Gross profit                                    76.2%     81.9%     77.6%     80.6%

Operating expenses:
  Sales and marketing                           65.8%    125.4%     65.4%    106.7%
  Research and development                      41.8%     78.0%     44.8%     70.4%
  General and administrative                    19.6%     41.1%     20.2%     34.3%
                                               -----     -----     -----     -----
    Total operating expenses                   127.2%    244.5%    130.4%    211.4%
                                               -----     -----     -----     -----
Loss from operations                           (51.0%)  (162.6%)   (52.8%)  (130.8%)

Other income (expense), net                      0.7%      8.9%      1.2%      8.9%
                                               -----     -----     -----     -----
Net loss before provision for income taxes     (50.3%)  (153.7%)   (51.6%)  (121.9%)
Provision for income taxes                       0.0%      0.0%      0.0%      0.1%
                                               -----     -----     -----     -----
Net loss                                       (50.3%)  (153.7%)   (51.6%)  (122.0%)
                                               -----     -----     -----     -----
                                               -----     -----     -----     -----

</TABLE>


         REVENUE. Total revenue increased by 54% to $2,621,000 in the three
months ended July 2, 1999 from $1,701,000 in the three months ended July 3,
1998. The increase resulted from a 50% increase in conferencing revenues, and a
45% increase in legacy connectivity revenues.

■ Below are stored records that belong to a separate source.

lemma density_state_sum_outer:
  fixes \<rho> :: "'n::finite cmat"
  assumes "density_state \<rho>"
  obtains v :: "'n \<Rightarrow> complex^'n"
  where "\<rho> = (\<Sum>k\<in>UNIV. outer (v k))" "(\<Sum>k\<in>UNIV. (norm (v k))\<^sup>2) = 1"
proof -
  obtain v :: "'n \<Rightarrow> complex^'n" where v: "\<rho> = (\<Sum>k\<in>UNIV. outer (v k))"
    using psd_sum_outer_support[of \<rho> UNIV] assms by (auto simp: density_state_def)
  have "1 = mtrace (mat 1 ** \<rho>)"
    using assms by (simp add: density_state_def)
  also have "\<dots> = complex_of_real (\<Sum>k\<in>UNIV. (norm (v k))\<^sup>2)"
    by (simp add: v mtrace_mult_sum_outer qf_mat del: matrix_mul_lid)
  finally show thesis
    using v by (intro that) (simp_all add: complex_eq_iff)
qed

lemma mtrace_mult_psd:
  fixes A \<rho> :: "'n::finite cmat"
  assumes "psd A" "psd \<rho>"
  shows "0 \<le> Re (mtrace (A ** \<rho>))" "Im (mtrace (A ** \<rho>)) = 0"
proof -
  obtain v :: "'n \<Rightarrow> complex^'n" where "\<rho> = (\<Sum>k\<in>UNIV. outer (v k))"
    using psd_sum_outer_support[of \<rho> UNIV] assms(2) by auto
  then have tr: "mtrace (A ** \<rho>) = (\<Sum>k\<in>UNIV. qf A (v k))"
    by (simp add: mtrace_mult_sum_outer)
  show "0 \<le> Re (mtrace (A ** \<rho>))"
    using assms(1) by (simp add: tr Re_sum psd_iff_qf sum_nonneg)
  show "Im (mtrace (A ** \<rho>)) = 0"
    unfolding tr Im_sum
    by (metis (no_types) Im_complex_of_real assms(1) psd_self_adjoint qf_self_adjoint_real sum.neutral)
qed

lemma mtrace_density_bounded:
  "\<exists>K. \<forall>\<rho>. density_state \<rho> \<longrightarrow> cmod (mtrace ((M::'n::finite cmat) ** \<rho>)) \<le> K"
proof -
  obtain C where C: "\<And>x. cmod (qf M x) \<le> C * (norm x)\<^sup>2"
    using norm_qf_le by blast
  have "cmod (mtrace (M ** \<rho>)) \<le> C" if \<rho>: "density_state \<rho>" for \<rho>
  proof -
    obtain v :: "'n \<Rightarrow> complex^'n"
      where v: "\<rho> = (\<Sum>k\<in>UNIV. outer (v k))" "(\<Sum>k\<in>UNIV. (norm (v k))\<^sup>2) = 1"
      using density_state_sum_outer[OF \<rho>] .
    have "cmod (mtrace (M ** \<rho>)) \<le> (\<Sum>k\<in>UNIV. cmod (qf M (v k)))"
      unfolding v(1) mtrace_mult_sum_outer by (rule norm_sum)
    also have "\<dots> \<le> (\<Sum>k\<in>UNIV. C * (norm (v k))\<^sup>2)"
      by (rule sum_mono) (rule C)
    also have "\<dots> = C"
      by (simp add: sum_distrib_left[symmetric] v(2))
    finally show ?thesis .
  qed
  then show ?thesis by blast
qed

lemma mtrace_density_lower_bound:
  fixes W :: "'n::finite cmat"
  assumes "\<And>x. m * (norm x)\<^sup>2 \<le> Re (qf W x)" and "density_state \<rho>"
  shows "m \<le> Re (mtrace (W ** \<rho>))"
proof -
  obtain v :: "'n \<Rightarrow> complex^'n"
    where v: "\<rho> = (\<Sum>k\<in>UNIV. outer (v k))" "(\<Sum>k\<in>UNIV. (norm (v k))\<^sup>2) = 1"
    using density_state_sum_outer[OF assms(2)] .
  have "m = (\<Sum>k\<in>UNIV. m * (norm (v k))\<^sup>2)"
    by (simp add: sum_distrib_left[symmetric] v(2))
  also have "\<dots> \<le> (\<Sum>k\<in>UNIV. Re (qf W (v k)))"
    by (rule sum_mono) (rule assms(1))
  also have "\<dots> = Re (mtrace (W ** \<rho>))"
    unfolding v(1) mtrace_mult_sum_outer by (simp add: Re_sum)
  finally show ?thesis .
qed

lemma mtrace_cauchy_schwarz:
  fixes P \<rho> X Y :: "'n::finite cmat"
  assumes P: "psd P" and \<rho>: "psd \<rho>"
  shows "(cmod (mtrace (cadj X ** P ** Y ** \<rho>)))\<^sup>2
     \<le> Re (mtrace (cadj X ** P ** X ** \<rho>)) * Re (mtrace (cadj Y ** P ** Y ** \<rho>))"
proof -
  define s where "s A B = mtrace (cadj A ** P ** B ** \<rho>)" for A B :: "'n cmat"
  have nonneg: "0 \<le> Re (s A A)" for A
    unfolding s_def using mtrace_mult_psd(1)[OF psd_sandwich[OF P] \<rho>] .
  have "cnj (s X Y) = mtrace (\<rho> ** cadj Y ** P ** X)"
    using P \<rho> by (simp add: s_def mtrace_cadj[symmetric] cadj_matrix_mul matrix_mul_assoc psd_cadj)
  also have "\<dots> = s Y X"
    unfolding s_def using mtrace_commute[of \<rho> "cadj Y ** P ** X"] by (simp add: matrix_mul_assoc)
  finally have swap: "s Y X = cnj (s X Y)" ..
  have add_left: "s (A1 + A2) B = s A1 B + s A2 B" for A1 A2 B
    unfolding s_def by (simp add: cadj_add matrix_add_rdistrib mtrace_add)
  have add_right: "s A (B1 + B2) = s A B1 + s A B2" for A B1 B2
    unfolding s_def by (simp add: matrix_add_ldistrib matrix_add_rdistrib mtrace_add)
  have scale_left: "s (c *\<^sub>m A) B = cnj c * s A B" for c A B
    unfolding s_def by (simp add: cadj_mscale mscale_matrix_mul_left mtrace_mscale)
  have scale_right: "s A (c *\<^sub>m B) = c * s A B" for c A B
    unfolding s_def by (simp add: mscale_matrix_mul_right mscale_matrix_mul_left mtrace_mscale)
  have expand: "s (X + z *\<^sub>m Y) (X + z *\<^sub>m Y)
      = s X X + (z * s X Y + cnj (z * s X Y)) + cnj z * z * s Y Y" for z
    by (simp add: add_left add_right scale_left scale_right swap algebra_simps)
  show ?thesis
    unfolding s_def[symmetric]
  proof (rule discriminant_nonneg_le[OF nonneg nonneg])
    fix z
    have "cnj z * z = complex_of_real ((cmod z)\<^sup>2)"
      by (simp only: complex_norm_square mult.commute)
    then show "0 \<le> Re (s X X) + 2 * Re (z * s X Y) + (cmod z)\<^sup>2 * Re (s Y Y)"
      using nonneg[of "X + z *\<^sub>m Y"] by (simp add: expand del: of_real_power)
  qed
qed

lemma Re_mtrace_swap:
  assumes "self_adjoint A" "self_adjoint B" "self_adjoint \<rho>"
  shows "Re (mtrace ((A::'n::finite cmat) ** B ** \<rho>)) = Re (mtrace (B ** A ** \<rho>))"
proof -
  have "cnj (mtrace (A ** B ** \<rho>)) = mtrace (\<rho> ** B ** A)"
    using assms by (simp add: mtrace_cadj[symmetric] cadj_matrix_mul matrix_mul_assoc self_adjoint_def)
  also have "\<dots> = mtrace (B ** A ** \<rho>)"
    by (rule mtrace_rotate3)
  finally have "mtrace (B ** A ** \<rho>) = cnj (mtrace (A ** B ** \<rho>))" ..
  then show ?thesis by simp
qed

lemma Re_mtrace_mono:
  assumes "loewner_le A B" "psd \<rho>"
  shows "Re (mtrace (A ** \<rho>)) \<le> Re (mtrace (B ** (\<rho>::'n::finite cmat)))"
  using mtrace_mult_psd(1)[OF assms[unfolded loewner_le_def]]
  by (simp add: matrix_diff_rdistrib mtrace_diff)

lemma Re_mtrace_square_le:
  fixes W P \<rho> :: "'n::finite cmat"
  assumes "psd P" "psd \<rho>" "self_adjoint W"
  shows "(Re (mtrace (W ** P ** \<rho>)))\<^sup>2 \<le> Re (mtrace (W ** P ** W ** \<rho>)) * Re (mtrace (P ** \<rho>))"
proof -
  have "(Re (mtrace (W ** P ** \<rho>)))\<^sup>2 \<le> (cmod (mtrace (W ** P ** \<rho>)))\<^sup>2"
    by (subst abs_le_square_iff[symmetric]) (simp add: abs_Re_le_cmod)
  also have "\<dots> \<le> Re (mtrace (W ** P ** W ** \<rho>)) * Re (mtrace (P ** \<rho>))"
    using mtrace_cauchy_schwarz[OF assms(1,2), of W "mat 1"] assms(3)
    by (simp add: self_adjoint_def cadj_mat)
  finally show ?thesis .
qed

section \<open>Eigenvalues\<close>

lemma eigenvector_qf: "W *v v = \<mu> *s v \<Longrightarrow> qf W v = \<mu> * complex_of_real ((norm v)\<^sup>2)"
  by (simp add: qf_def ip_scale_right ip_self)

lemma self_adjoint_eigenvalue_real:
  assumes "self_adjoint W" "W *v v = \<mu> *s v" "v \<noteq> 0"
  shows "Im \<mu> = 0"
proof -
  have "Im (qf W v) = 0"
    by (metis Im_complex_of_real assms(1) qf_self_adjoint_real)
  then show ?thesis
    using assms(3) by (simp add: eigenvector_qf[OF assms(2)])
qed

lemma self_adjoint_eigenvectors_orthogonal:
  assumes W: "self_adjoint W" and v: "W *v v = \<mu> *s v" "v \<noteq> 0" and w: "W *v w = \<nu> *s w"
    and "\<mu> \<noteq> \<nu>"
  shows "ip v w = 0"
proof -
  have "cnj \<mu> = \<mu>"
    using self_adjoint_eigenvalue_real[OF W v] by (simp add: complex_eq_iff)
  moreover have "ip v (W *v w) = ip (cadj W *v v) w"
    by (rule ip_cadj)
  ultimately have "(\<nu> - \<mu>) * ip v w = 0"
    using W v w by (simp add: self_adjoint_def ip_scale_right ip_scale_left algebra_simps)
  then show ?thesis
    using \<open>\<mu> \<noteq> \<nu>\<close> by simp
qed

lemma finite_eigenvalues:
  assumes W: "self_adjoint (W::'n::finite cmat)"
  shows "finite {\<mu>. is_eigenvalue W \<mu>}"
proof -
  define E where "E = {\<mu>. is_eigenvalue W \<mu>}"
  define ev where "ev \<mu> = (SOME v. v \<noteq> 0 \<and> W *v v = \<mu> *s v)" for \<mu>
  have ev: "ev \<mu> \<noteq> 0 \<and> W *v ev \<mu> = \<mu> *s ev \<mu>" if "\<mu> \<in> E" for \<mu>
    using that someI_ex[of "\<lambda>v. v \<noteq> 0 \<and> W *v v = \<mu> *s v"]
    by (auto simp: E_def ev_def is_eigenvalue_def)
  have "inj_on ev E"
  proof (rule inj_onI)
    fix \<mu> \<nu> assume "\<mu> \<in> E" "\<nu> \<in> E" "ev \<mu> = ev \<nu>"
    then have "(\<mu> - \<nu>) *s ev \<mu> = 0" "ev \<mu> \<noteq> 0"
      using ev by (metis vector_sub_rdistrib eq_iff_diff_eq_0)+
    then show "\<mu> = \<nu>"
      by (simp add: vector_mul_eq_0)
  qed
  moreover have "pairwise orthogonal (ev ` E)"
    unfolding pairwise_def orthogonal_def
  proof clarify
    fix \<mu> \<nu> assume "\<mu> \<in> E" "\<nu> \<in> E" "ev \<mu> \<noteq> ev \<nu>"
    then have "ip (ev \<mu>) (ev \<nu>) = 0"
      using self_adjoint_eigenvectors_orthogonal[OF W] ev by blast
    then show "ev \<mu> \<bullet> ev \<nu> = 0"
      by (simp add: inner_eq_Re_ip)
  qed
  moreover have "0 \<notin> ev ` E"
    using ev by auto
  ultimately have "finite (ev ` E)"
    using pairwise_orthogonal_independent finiteI_independent by blast
  with \<open>inj_on ev E\<close> show ?thesis
    by (simp add: E_def finite_image_iff)
qed

lemma psd_eigenvalue_nonneg:
  assumes "psd W" "is_eigenvalue W \<mu>"
  shows "0 \<le> Re \<mu>"
proof -
  obtain v where v: "v \<noteq> 0" "W *v v = \<mu> *s v"
    using assms(2) by (auto simp: is_eigenvalue_def)
  have "0 \<le> Re (qf W v)"
    using assms(1) by (simp add: psd_iff_qf)
  then show ?thesis
    using v by (simp add: eigenvector_qf zero_le_mult_iff)
qed

lemma smallest_eigenvalue_psd_eq_0:
  assumes W: "psd W" and "x \<noteq> 0" "W *v x = 0"
  shows "smallest_eigenvalue W = 0"
proof -
  define E where "E = {\<mu>. is_eigenvalue W \<mu>}"
  have "Min (Re ` E) = 0"
  proof (rule Min_eqI)
    show "finite (Re ` E)"
      using finite_eigenvalues[OF psd_self_adjoint[OF W]] by (simp add: E_def)
    show "0 \<le> y" if "y \<in> Re ` E" for y
      using that psd_eigenvalue_nonneg[OF W] by (auto simp: E_def)
    have "0 \<in> E"
      using assms by (auto simp: E_def is_eigenvalue_def)
    then show "0 \<in> Re ` E"
      by force
  qed
  then show ?thesis
    by (simp add: smallest_eigenvalue_def E_def)
qed

lemma psd_coercive:
  assumes W: "psd (W::'n::finite cmat)" and ker: "\<And>x. W *v x = 0 \<Longrightarrow> x = 0"
  obtains m where "0 < m" "\<And>x. m * (norm x)\<^sup>2 \<le> Re (qf W x)"
proof -
  have "continuous_on (sphere 0 1) (\<lambda>x. Re (qf W x))"
    unfolding continuous_on_def by (intro ballI tendsto_Re tendsto_qf tendsto_const tendsto_ident_at)
  moreover have "sphere (0::complex^'n) 1 \<noteq> {}"
    using vector_choose_size[of 1] by (auto simp: sphere_def)
  ultimately obtain y where y: "y \<in> sphere 0 1" "\<And>z. z \<in> sphere 0 1 \<Longrightarrow> Re (qf W y) \<le> Re (qf W z)"
    using continuous_attains_inf[OF compact_sphere] by blast
  have "y \<noteq> 0"
    using y(1) by auto
  then have "Re (qf W y) \<noteq> 0"
    using psd_kernel[OF W] ker by blast
  moreover have "0 \<le> Re (qf W y)"
    using W by (simp add: psd_iff_qf)
  ultimately have pos: "0 < Re (qf W y)"
    by simp
  have "Re (qf W y) * (norm x)\<^sup>2 \<le> Re (qf W x)" for x
  proof (cases "x = 0")
    case False
    define z where "z = (1 / norm x) *\<^sub>R x"
    have "Re (qf W x) = (norm x)\<^sup>2 * Re (qf W z)"
      using False by (simp add: z_def qf_scaleR_vector power2_eq_square)
    moreover have "Re (qf W y) \<le> Re (qf W z)"
      using y(2) False by (simp add: z_def)
    ultimately show ?thesis
      using mult_right_mono[of "Re (qf W y)" "Re (qf W z)" "(norm x)\<^sup>2"] by (simp add: mult.commute)
  qed (simp add: qf_def)
  with pos show thesis
    by (rule that)
qed

lemma smallest_eigenvalue_eq_0_if_tendsto:
  fixes W :: "'n::finite cmat" and \<rho> :: "real \<Rightarrow> 'n cmat"
  assumes W: "psd W" and \<rho>: "\<And>t. 0 \<le> t \<Longrightarrow> density_state (\<rho> t)"
    and lim: "((\<lambda>t. mtrace (W ** \<rho> t)) \<longlongrightarrow> 0) at_top"
  shows "smallest_eigenvalue W = 0"
proof -
  have "\<exists>x. x \<noteq> 0 \<and> W *v x = 0"
  proof (rule ccontr)
    assume "\<not> ?thesis"
    then obtain m where m: "0 < m" "\<And>x. m * (norm x)\<^sup>2 \<le> Re (qf W x)"
      using psd_coercive[OF W] by blast
    have "\<forall>\<^sub>F t in at_top. Re (mtrace (W ** \<rho> t)) < m"
      using tendsto_Re[OF lim] m(1) by (simp add: order_tendsto_iff)
    moreover have "\<forall>\<^sub>F t in at_top. m \<le> Re (mtrace (W ** \<rho> t))"
      using eventually_ge_at_top[of 0] by eventually_elim (rule mtrace_density_lower_bound[OF m(2) \<rho>])
    ultimately have "\<forall>\<^sub>F t::real in at_top. False"
      by eventually_elim simp
    then show False
      by simp
  qed
  then show ?thesis
    using smallest_eigenvalue_psd_eq_0[OF W] by blast
qed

The server portion of conferencing
revenue grew 62% year-over-year, and the client portion of conferencing revenue
grew 37% year-over-year. Conferencing revenue comprised 77% of total revenue at
July 2, 1999 in contrast to 79% at July 3, 1998.


                                       7

<PAGE>


         For the six months ended July 2, 1999, total revenue increased 37% to
$5,080,000 as compared to $3,707,000 in the same period in the prior year.
Conferencing revenue increased 49% and connectivity revenue increased 1% versus
the comparable period in the prior year. The server portion of conferencing
revenue increased 70% as compared with the six months ended July 3, 1998, and
the client portion increased 31% compared with the six months ended July 3,
1998. Conferencing server revenue represented 41% of total revenue in the six
months ended July 2, 1999, compared with 33% in the comparable period of the
prior year.

         The revenue growth in CU-SeeMe, White Pine's conferencing client
software, was primarily due to the introduction of White Pine's latest
conferencing client offering, CU-SeeMe Pro, which began shipping in late March
1999. Conferencing client revenue represented 34% of total revenue in the
quarter ended July 2, 1999 compared to 38% in the comparable quarter of prior
year. For the six months ended July 2, 1999, conferencing client revenue
represented 36% compared with 38% in the comparable period of the prior year.

         The increase in server revenue in the quarter was largely attributable
to shipment of MeetingPoint 4.0, which began shipping in June 1999. In
conjunction with the MeetingPoint 4.0 release, White Pine introduced the new
features of continuous presence and streaming media integration, offered as
add-ons to MeetingPoint. Continuous Presence enables non-White Pine conferencing
clients to display four video feeds where they previously viewed one. Streaming
media integration enables a real-time videoconference to be broadcast to a large
audience of nonparticipants.

         White Pine is experiencing relatively lengthy, two-step sales cycles
for its MeetingPoint and ClassPoint server products. The first step typically
extends from one to three months and results in sales of small quantities of the
server products for pilot programs. The second step extends considerably longer,
from six months to over a year, as customers decide whether to move beyond the
pilot programs to deployment of MeetingPoint on a company-wide basis or
deployment of ClassPoint as an operational long-distance learning program.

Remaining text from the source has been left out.